EG, while I understand BABIP and the implications, when thinking about something like an MVP award, I am not comfortable absolving a pitcher for all that may have happened with balls in play while he was on the mound.  However, when, say, thinking about my outlook for 2012 - I’d go with fWAR.


#6    Tangotiger      (see all posts) 2012/01/25 (Wed) @ 14:07

Right, fWAR does absolve him completely, but rWAR implicates him completely.

It’s not clear to me that we want all of the BABIP that happened while Lee was on the mound with runners on base to be absorbed completely by Cliff Lee in 2010.  Yes, he was on the mound.  Yes, he’s the biggest single culprit.  But he has 8 other defenders there too.  They do exist, and they did contribute.

Hence, rather than arguing about it, I just go with a 50/50 approach, and call it a day.  Once we have it all figured out, 50/50 will be alot closer to the real answer than 100/0.


#7    mettle      (see all posts) 2012/01/25 (Wed) @ 16:38

Can’t one calculate the degree to which pitchers control BABIP w/ RISP? Shouldn’t it not be a belief, but a quantifiable measure?

I mean, short term, yes, I understand that we’re a ways of of having this figured out. As another example, technically catcher framing has some role in strikes and therefore strikeouts and walks. So, technically pitchers should only be credited with, say, 99% of the Ks and BBs they get.

So, with split-half correlations and quantifying distributions and a precise quantification that a pitchers has, say, control over approximately .02 variance in BABIP on average, we should be able to calculate a correct WAR, including this factor for BABIP w/ RISP.


#8    Rally      (see all posts) 2012/01/25 (Wed) @ 17:20

One thing to consider is how far you want to go in making this an accounting system - things happen on the field and the credit has to wind up with some player.

rWAR does this better than fWAR.  Components will add up to actual park adjusted runs scored and allowed.  But it does not go as far as win shares - while rWAR reconciles to runs, it does not take into account extra wins and losses from beating your pythag.  fWAR will not reconcile to runs.  You could have a pitcher horrible with people on base, excellent FIP stats, and an average team defense behind him.  His pitching WAR + team UZR will not reconcile at all with the runs actually allowed.

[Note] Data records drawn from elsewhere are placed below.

lemma exists_separating_pools:
  fixes E :: "nat set set" and d p t :: nat
  assumes "finite S" "E \<noteq> {}" "1 \<le> d" "p \<le> d"
    and edges: "\<And>e. e \<in> E \<Longrightarrow> e \<subseteq> S \<and> card e \<le> d"
    and distance: "\<And>e e'. e \<in> E \<Longrightarrow> e' \<in> E \<Longrightarrow> e \<noteq> e' \<Longrightarrow> p \<le> card (e' - e)"
    and t: "(1 - real p / (8 * real d)) ^ t * real (card E) ^ 2 \<le> 1"
  shows "\<exists>Ts. length Ts = t \<and> set Ts \<subseteq> Pow S \<and>
    (\<forall>e\<in>E. \<forall>e'\<in>E. e \<noteq> e' \<longrightarrow> response Ts e \<noteq> response Ts e')"
proof -
  define c where "c = real p / (8 * real d)"
  have "c < 1"
    using assms(3,4) by (auto simp: c_def field_simps)
  define P where "P = {(e, e'). e \<in> E \<and> e' \<in> E \<and> e \<noteq> e'}"
  have "finite E"
    using assms(1) edges by (meson Pow_iff finite_Pow_iff finite_subset subsetI)
  then have "finite P" "card P < card E ^ 2"
    unfolding P_def using assms(2) by (simp_all add: finite_off_diagonal card_off_diagonal_less)
  have "\<exists>T\<in>Pow S. c * card Q \<le> card {x\<in>Q. separates T x}" if "Q \<subseteq> P" for Q
  proof -
    have "finite Q"
      using that \<open>finite P\<close> by (rule finite_subset)
    moreover have "e \<subseteq> S \<and> e' \<subseteq> S \<and> card e \<le> d \<and> p \<le> card (e' - e)" if "(e, e') \<in> Q" for e e'
      using subsetD[OF \<open>Q \<subseteq> P\<close> that] edges distance by (auto simp: P_def)
    ultimately show ?thesis
      unfolding c_def by (rule exists_pool_separating_fraction[OF assms(1) _ assms(3,4)])
  qed
  from greedy_cover[OF \<open>finite P\<close> less_imp_le[OF \<open>c < 1\<close>] this, of t]
  obtain Ts where Ts: "length Ts = t" "set Ts \<subseteq> Pow S"
    and unseparated: "card {x\<in>P. \<forall>T\<in>set Ts. \<not> separates T x} \<le> (1 - c) ^ t * card P"
    by blast
  note unseparated
  also have "\<dots> < (1 - c) ^ t * real (card E) ^ 2"
    using \<open>c < 1\<close> \<open>card P < card E ^ 2\<close> by (intro mult_strict_left_mono) auto
  also have "\<dots> \<le> 1"
    using t by (simp add: c_def)
  finally have "{x\<in>P. \<forall>T\<in>set Ts. \<not> separates T x} = {}"
    using \<open>finite P\<close> by simp
  then have "response Ts e \<noteq> response Ts e'" if "e \<in> E" "e' \<in> E" "e \<noteq> e'" for e e'
  proof -
    have "(e, e') \<in> P"
      using that by (simp add: P_def)
    then obtain T where "T \<in> set Ts" "separates T (e, e')"
      using \<open>{x\<in>P. \<forall>T\<in>set Ts. \<not> separates T x} = {}\<close> by blast
    then show ?thesis
      by (rule response_neq_if_separates)
  qed
  with Ts show ?thesis
    by blast
qed

lemma exists_separating_pools_log_bound:
  fixes E :: "nat set set" and d p :: nat
  assumes "finite S" "2 \<le> card E" "1 \<le> p"
    and edges: "\<And>e. e \<in> E \<Longrightarrow> e \<subseteq> S \<and> card e \<le> d"
    and distance: "\<And>e e'. e \<in> E \<Longrightarrow> e' \<in> E \<Longrightarrow> e \<noteq> e' \<Longrightarrow> p \<le> card (e' - e)"
  shows "\<exists>Ts. (\<forall>T\<in>set Ts. T \<subseteq> S) \<and> real (length Ts) \<le> 17 * (real d / real p) * log 2 (card E) \<and>
    (\<forall>e\<in>E. \<forall>e'\<in>E. e \<noteq> e' \<longrightarrow> response Ts e \<noteq> response Ts e')"
proof -
  have "finite E"
    using assms(2) card.infinite by fastforce
  then obtain e e' where "e \<in> E" "e' \<in> E" "e \<noteq> e'"
    using assms(2) card_le_Suc0_iff_eq[of E] by auto
  have "p \<le> card (e' - e)"
    using distance \<open>e \<in> E\<close> \<open>e' \<in> E\<close> \<open>e \<noteq> e'\<close> by blast
  moreover have "card (e' - e) \<le> card e'" "card e' \<le> d"
    using edges[OF \<open>e' \<in> E\<close>] assms(1) by (auto intro: card_mono finite_subset)
  ultimately have "p \<le> d" "1 \<le> d"
    using assms(3) by linarith+
  obtain t where t: "(1 - real p / (8 * real d)) ^ t * real (card E) ^ 2 \<le> 1"
    and "real t \<le> 17 * (real d / real p) * log 2 (card E)"
    using exists_test_count[OF assms(3) \<open>p \<le> d\<close>, of "card E"] assms(2) by auto
  moreover have "E \<noteq> {}"
    using \<open>e \<in> E\<close> by blast
  then obtain Ts where "length Ts = t" "set Ts \<subseteq> Pow S"
    "\<forall>e\<in>E. \<forall>e'\<in>E. e \<noteq> e' \<longrightarrow> response Ts e \<noteq> response Ts e'"
    using exists_separating_pools[OF assms(1) _ \<open>1 \<le> d\<close> \<open>p \<le> d\<close> edges distance t] by blast
  ultimately show ?thesis
    by (intro exI[of _ Ts]) auto
qed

I don’t think there is a single right answer to this.  Analysts will disagree on whether making it work as an accounting system, and to what extent to do this, is desirable.  And that’s why there will always be different WAR calculations.

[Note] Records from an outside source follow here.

lemma in_summand_iff_coset: "n = r + m + q \<Longrightarrow> z \<in> Cbasis G opl m n q \<Longrightarrow> in_summand n m q s z \<Longrightarrow>
  in_summand n m q t z \<longleftrightarrow> t \<in> l_coset (G n) s ((\<lambda>h. opl (r + q) m h \<one>\<^bsub>G m\<^esub>) ` carrier (G (r + q)))"
proof
  assume n: "n = r + m + q" and z: "z \<in> Cbasis G opl m n q" and s: "in_summand n m q s z"
  have sc: "s \<in> carrier (G n)" using s unfolding in_summand_def by blast
  obtain u1 where u1: "summand_coord n m q s z u1" using s unfolding in_summand_def by blast
  {
    assume t: "in_summand n m q t z"
    have tc: "t \<in> carrier (G n)" using t unfolding in_summand_def by blast
    obtain u2 y2 where y2: "y2 \<in> snd z" "fst z \<otimes>\<^bsub>G n\<^esub> opl (r + m) q y2 \<one>\<^bsub>G q\<^esub> \<otimes>\<^bsub>G n\<^esub> shift_braid n m q = t \<otimes>\<^bsub>G n\<^esub> opl (r + q) m u2 \<one>\<^bsub>G m\<^esub>"
      and u2: "u2 \<in> carrier (G (r + q))" using t unfolding in_summand_def summand_coord_iff[OF n] by blast
    obtain u where u: "u \<in> carrier (G (r + q))" "fst z \<otimes>\<^bsub>G n\<^esub> opl (r + m) q y2 \<one>\<^bsub>G q\<^esub> \<otimes>\<^bsub>G n\<^esub> shift_braid n m q = s \<otimes>\<^bsub>G n\<^esub> opl (r + q) m u \<one>\<^bsub>G m\<^esub>"
      using summand_coord_any_rep[OF n z sc u1 y2(1)] by blast
    have iu2: "inv\<^bsub>G (r+q)\<^esub> u2 \<in> carrier (G (r + q))" using u2 by (rule G_inv_closed)
    have e: "t \<otimes>\<^bsub>G n\<^esub> opl (r + q) m u2 \<one>\<^bsub>G m\<^esub> = s \<otimes>\<^bsub>G n\<^esub> opl (r + q) m u \<one>\<^bsub>G m\<^esub>" using u(2) y2(2) by simp
    have "t = t \<otimes>\<^bsub>G n\<^esub> opl (r + q) m u2 \<one>\<^bsub>G m\<^esub> \<otimes>\<^bsub>G n\<^esub> opl (r + q) m (inv\<^bsub>G (r+q)\<^esub> u2) \<one>\<^bsub>G m\<^esub>"
      using n tc u2 iu2 by (simp add: G_m_assoc stab_emb_closed stab_emb_mult_eq G_r_inv opl_one_eq[of n] G_r_one)
    also have "\<dots> = s \<otimes>\<^bsub>G n\<^esub> opl (r + q) m (u \<otimes>\<^bsub>G (r+q)\<^esub> inv\<^bsub>G (r+q)\<^esub> u2) \<one>\<^bsub>G m\<^esub>"
      unfolding e using n sc u iu2 by (simp add: G_m_assoc stab_emb_closed stab_emb_mult_eq)
    finally have "t \<in> l_coset (G n) s ((\<lambda>h. opl (r + q) m h \<one>\<^bsub>G m\<^esub>) ` carrier (G (r + q)))"
      unfolding l_coset_stab_eq_image using u iu2 by (blast intro: G_m_closed)
  }
  then show "in_summand n m q t z \<Longrightarrow> t \<in> l_coset (G n) s ((\<lambda>h. opl (r + q) m h \<one>\<^bsub>G m\<^esub>) ` carrier (G (r + q)))" .
next
  assume n: "n = r + m + q" and z: "z \<in> Cbasis G opl m n q" and s: "in_summand n m q s z"
    and t: "t \<in> l_coset (G n) s ((\<lambda>h. opl (r + q) m h \<one>\<^bsub>G m\<^esub>) ` carrier (G (r + q)))"
  have sc: "s \<in> carrier (G n)" using s unfolding in_summand_def by blast
  obtain v where v: "v \<in> carrier (G (r + q))" "t = s \<otimes>\<^bsub>G n\<^esub> opl (r + q) m v \<one>\<^bsub>G m\<^esub>" using l_coset_stab_memD[OF t] by blast
  obtain u1 y1 where y1: "y1 \<in> snd z" "fst z \<otimes>\<^bsub>G n\<^esub> opl (r + m) q y1 \<one>\<^bsub>G q\<^esub> \<otimes>\<^bsub>G n\<^esub> shift_braid n m q = s \<otimes>\<^bsub>G n\<^esub> opl (r + q) m u1 \<one>\<^bsub>G m\<^esub>"
    and u1: "u1 \<in> carrier (G (r + q))" using s unfolding in_summand_def summand_coord_iff[OF n] by blast
  have iv: "inv\<^bsub>G (r+q)\<^esub> v \<in> carrier (G (r + q))" using v by (simp add: G_inv_closed)
  have tc: "t \<in> carrier (G n)" using v n sc by (simp add: G_m_closed stab_emb_closed)
  have "s \<otimes>\<^bsub>G n\<^esub> opl (r + q) m u1 \<one>\<^bsub>G m\<^esub> = t \<otimes>\<^bsub>G n\<^esub> opl (r + q) m (inv\<^bsub>G (r+q)\<^esub> v \<otimes>\<^bsub>G (r+q)\<^esub> u1) \<one>\<^bsub>G m\<^esub>"
    unfolding v(2) using n sc v(1) iv u1 by (simp add: G_m_assoc stab_emb_closed stab_emb_mult_eq G_m_closed G_cancel_inv)
  then have "summand_coord n m q t z (inv\<^bsub>G (r+q)\<^esub> v \<otimes>\<^bsub>G (r+q)\<^esub> u1)" unfolding summand_coord_iff[OF n] using y1 iv u1 by (auto intro: G_m_closed)
  then show "in_summand n m q t z" unfolding in_summand_def using tc by blast
qed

#9    Tangotiger      (see all posts) 2012/01/25 (Wed) @ 17:52

mettle: the answer will be different if you have one game, one hundred games or one thousand games for a player.

Say you a pitcher that allows 12 hits on 20 balls in play in one game.  Well, we have no idea how much the pitcher was responsible for that.  Regression would say that we’d credit him with 6.1 hits allowed.  If another pitcher gets a no-hitter on 20 balls in play, regression would credit him with 5.9 hits allowed.

Is this what you want?  I don’t know.  You may or you may not.

What happens to the other 6 or so missing hits?  Does the fielders get credit or debit for the 5.9 other hits to balance it out to 0 or 12?  I don’t know, you may or you may not.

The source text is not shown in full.